The spectacle that confronted Kulik as he stood on a ridge overlooking the devastated area was overwhelming. To the explorers' surprise, no crater was to be found. There was instead around ground zero a vast zone (8 kilometres across) of trees scorched and devoid of branches, but standing upright. Those farther away had been partly scorched and knocked down in a direction away from the centre. Much later, in the 1960s, it was established that the zone of leveled forest occupied an area of some 2,150 square kilometres (830 sq mi), its shape resembling a gigantic spread-eagled butterfly with a "wingspan" of 70 kilometres (43 mi) and a "body length" of 55 kilometres (34 mi). Upon closer examination, Kulik located holes which he erroneously concluded were meteorite holes; however, he did not have the means at this time to excavate the holes.

During the next ten years there were three more expeditions to the area. Kulik found several dozens of little "pothole" bogs, each some 10 to 50 metres (33 to 160 ft) in diameter, that he thought might be meteoric craters. After a laborious exercise in draining one of these bogs (the so-called "Suslov’s crater", 32 metres in diameter), he found there was an old stump on the bottom, ruling out the possibility that it was a meteoric crater. In 1938, Kulik arranged for an aerial photographic survey of the area covering the central part of the leveled forest (some 250 square kilometres ). The negatives of these aerial photographs (1,500 negatives, each 18 by 18 centimetres ) were burned in 1975 by order of Yevgeny Krinov, then Chairman of the Committee on Meteorites of the USSR Academy of Sciences. It was done under the pretext that they were a fire hazard, but the truth may have been the active dislike by official meteorite specialists of anything associated with an unyielding enigma. However, positive imprints would be preserved for further studies in the Russian city of Tomsk.

Expeditions sent to the area in the 1950s and 1960s found microscopic silicate and magnetite spheres in siftings of the soil.

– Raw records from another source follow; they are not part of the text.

lemma reflected_specification_instance:
  assumes GX: "\<forall>x\<in>X. G x \<subseteq> X" and Gne: "\<forall>x\<in>X. G x \<noteq> {}"
    and HG: "\<forall>x\<in>X. H x = {y\<in>X. x \<in> G y}"
    and inst: "specification_instance X H M n a b orb P"
  obtains orb' where
    "specification_instance X G M n
       (\<lambda>i. b (n - 1) - b (n - 1 - i)) (\<lambda>i. b (n - 1) - a (n - 1 - i)) orb' P"
    and "\<And>i j. j \<le> b (n - 1) \<Longrightarrow> orb' i j = orb (n - 1 - i) (b (n - 1) - j)"
proof -
  define B where "B = b (n - 1)"
  have n: "n \<ge> 1" and orb: "\<forall>i<n. orb i 0 \<in> X \<and> is_orbit H (orb i 0) (orb i)"
    and ab: "\<forall>i<n. a i \<le> b i"
    and sep: "\<forall>i. Suc i < n \<longrightarrow> b i < a (Suc i) \<and> a (Suc i) - b i > M"
    and P: "P > M + b (n - 1) - a 0"
    using inst unfolding specification_instance_def by blast+
  have "\<exists>ys. is_orbit G (ys 0) ys \<and> (\<forall>j\<le>B. ys j = orb (n - 1 - i) (B - j))" for i
  proof (rule reversed_segment_extends_to_orbit[OF GX Gne])
    have "n - 1 - i < n" using n by simp
    then show "orb (n - 1 - i) 0 \<in> X" "\<forall>k<B. orb (n - 1 - i) k \<in> G (orb (n - 1 - i) (Suc k))"
      using orb inverse_orbit_step[OF HG] by blast+
  qed
  then obtain orb' where orb': "\<And>i. is_orbit G (orb' i 0) (orb' i)"
    and orb'_eq: "\<And>i j. j \<le> B \<Longrightarrow> orb' i j = orb (n - 1 - i) (B - j)"
    by metis
  have HX: "\<forall>x\<in>X. H x \<subseteq> X" using HG by auto
  have "orb' i 0 \<in> X" for i
  proof -
    have "n - 1 - i < n" using n by simp
    then have "orb (n - 1 - i) B \<in> X" using orbit_in[OF HX] orb by blast
    then show ?thesis using orb'_eq[of 0 i] by simp
  qed
  with orb' reflected_intervals[OF n ab sep refl refl] n P
  have "specification_instance X G M n
      (\<lambda>i. b (n - 1) - b (n - 1 - i)) (\<lambda>i. b (n - 1) - a (n - 1 - i)) orb' P"
    unfolding specification_instance_def by simp
  with orb'_eq show thesis using that unfolding B_def by blast
qed

lemma reflected_periodic_shadow:
  assumes GX: "\<forall>x\<in>X. G x \<subseteq> X" and HG: "\<forall>x\<in>X. H x = {y\<in>X. x \<in> G y}"
    and inst: "specification_instance X H M n a b orb P"
    and orb'_eq: "\<And>i j. j \<le> b (n - 1) \<Longrightarrow> orb' i j = orb (n - 1 - i) (b (n - 1) - j)"
    and shadow: "periodic_shadow X G \<epsilon> n
       (\<lambda>i. b (n - 1) - b (n - 1 - i)) (\<lambda>i. b (n - 1) - a (n - 1 - i)) orb' P"
  shows "periodic_shadow X H \<epsilon> n a b orb P"
proof -
  define B where "B = b (n - 1)"
  have n: "n \<ge> 1" and ab: "\<forall>i<n. a i \<le> b i"
    and sep: "\<forall>i. Suc i < n \<longrightarrow> b i < a (Suc i)" and P: "P > M + B - a 0"
    using inst unfolding specification_instance_def B_def by blast+
  obtain z zs where z: "z \<in> X" "is_orbit G z zs" "zs P = z" and close:
    "\<forall>i<n. \<forall>j. B - b (n - 1 - i) \<le> j \<and> j \<le> B - a (n - 1 - i) \<longrightarrow> dist (zs j) (orb' i j) < \<epsilon>"
    using shadow unfolding periodic_shadow_def B_def by blast
  have "P > 0" using P by simp
  define u where "u j = zs (nat ((int B - int j) mod int P))" for j
  note u = periodic_orbit_reverse[OF GX HG z \<open>P > 0\<close>, where B = B, folded u_def]
  have "dist (u j) (orb i j) < \<epsilon>" if "i < n" "a i \<le> j" "j \<le> b i" for i j
  proof -
    have "a 0 \<le> a i" "b i \<le> B"
      using separated_intervals_mono[OF ab sep, of 0 i]
        separated_intervals_mono[OF ab sep, of i "n - 1"] that(1)
      unfolding B_def by auto
    then have "B - j < P" "j \<le> B" using P that by auto
    then have "u j = zs (B - j)" "orb' (n - 1 - i) (B - j) = orb i j"
      using u(4) orb'_eq \<open>i < n\<close> unfolding B_def by auto
    moreover have "B - b (n - 1 - (n - 1 - i)) \<le> B - j \<and> B - j \<le> B - a (n - 1 - (n - 1 - i))"
      using that \<open>j \<le> B\<close> by auto
    moreover have "n - 1 - i < n" using n by simp
    ultimately show ?thesis using close by metis
  qed
  then show ?thesis unfolding periodic_shadow_def using u(1-3) by blast
qed

lemma has_specification_reverse:
  assumes GX: "\<forall>x\<in>X. G x \<subseteq> X" and Gne: "\<forall>x\<in>X. G x \<noteq> {}"
    and HG: "\<forall>x\<in>X. H x = {y\<in>X. x \<in> G y}"
    and spec: "has_specification X G"
  shows "has_specification X H"
  unfolding has_specification_iff
proof (intro allI impI)
  fix \<epsilon> :: real assume "\<epsilon> > 0"
  with spec obtain M where M: "\<forall>n a b orb P. specification_instance X G M n a b orb P
      \<longrightarrow> periodic_shadow X G \<epsilon> n a b orb P"
    unfolding has_specification_iff by blast
  have "periodic_shadow X H \<epsilon> n a b orb P" if inst: "specification_instance X H M n a b orb P"
    for n a b orb P
  proof -
    obtain orb' where "specification_instance X G M n
        (\<lambda>i. b (n - 1) - b (n - 1 - i)) (\<lambda>i. b (n - 1) - a (n - 1 - i)) orb' P"
      and "\<And>i j. j \<le> b (n - 1) \<Longrightarrow> orb' i j = orb (n - 1 - i) (b (n - 1) - j)"
      using reflected_specification_instance[OF GX Gne HG inst] by blast
    with M show ?thesis using reflected_periodic_shadow[OF GX HG inst] by blast
  qed
  then show "\<exists>M. \<forall>n a b orb P. specification_instance X H M n a b orb P
      \<longrightarrow> periodic_shadow X H \<epsilon> n a b orb P" by blast
qed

Similar spheres were predicted to exist in the felled trees, although they could not be detected by contemporary means. Later expeditions did identify such spheres in the resin of the trees. Chemical analysis showed that the spheres contained high proportions of nickel relative to iron, which is also found in meteorites, leading to the conclusion they were of extraterrestrial origin. The concentration of the spheres in different regions of the soil was also found to be consistent with the expected distribution of debris from a meteorite airburst. Later studies of the spheres found unusual ratios of numerous other metals relative to the surrounding environment, which was taken as further evidence of their extraterrestrial origin.

Chemical analysis of peat bogs from the area also revealed numerous anomalies considered consistent with an impact event. The isotopic signatures of stable carbon, hydrogen, and nitrogen isotopes at the layer of the bogs corresponding to 1908 were found to be inconsistent with the isotopic ratios measured in the adjacent layers, and this abnormality was not found in bogs located outside the area. The region of the bogs showing these anomalous signatures also contains an unusually high proportion of iridium, similar to the iridium layer found in the Cretaceous–Paleogene boundary. These unusual proportions are believed to result from debris from the falling body that deposited in the bogs. The nitrogen is believed to have been deposited as acid rain, a suspected fallout from the explosion.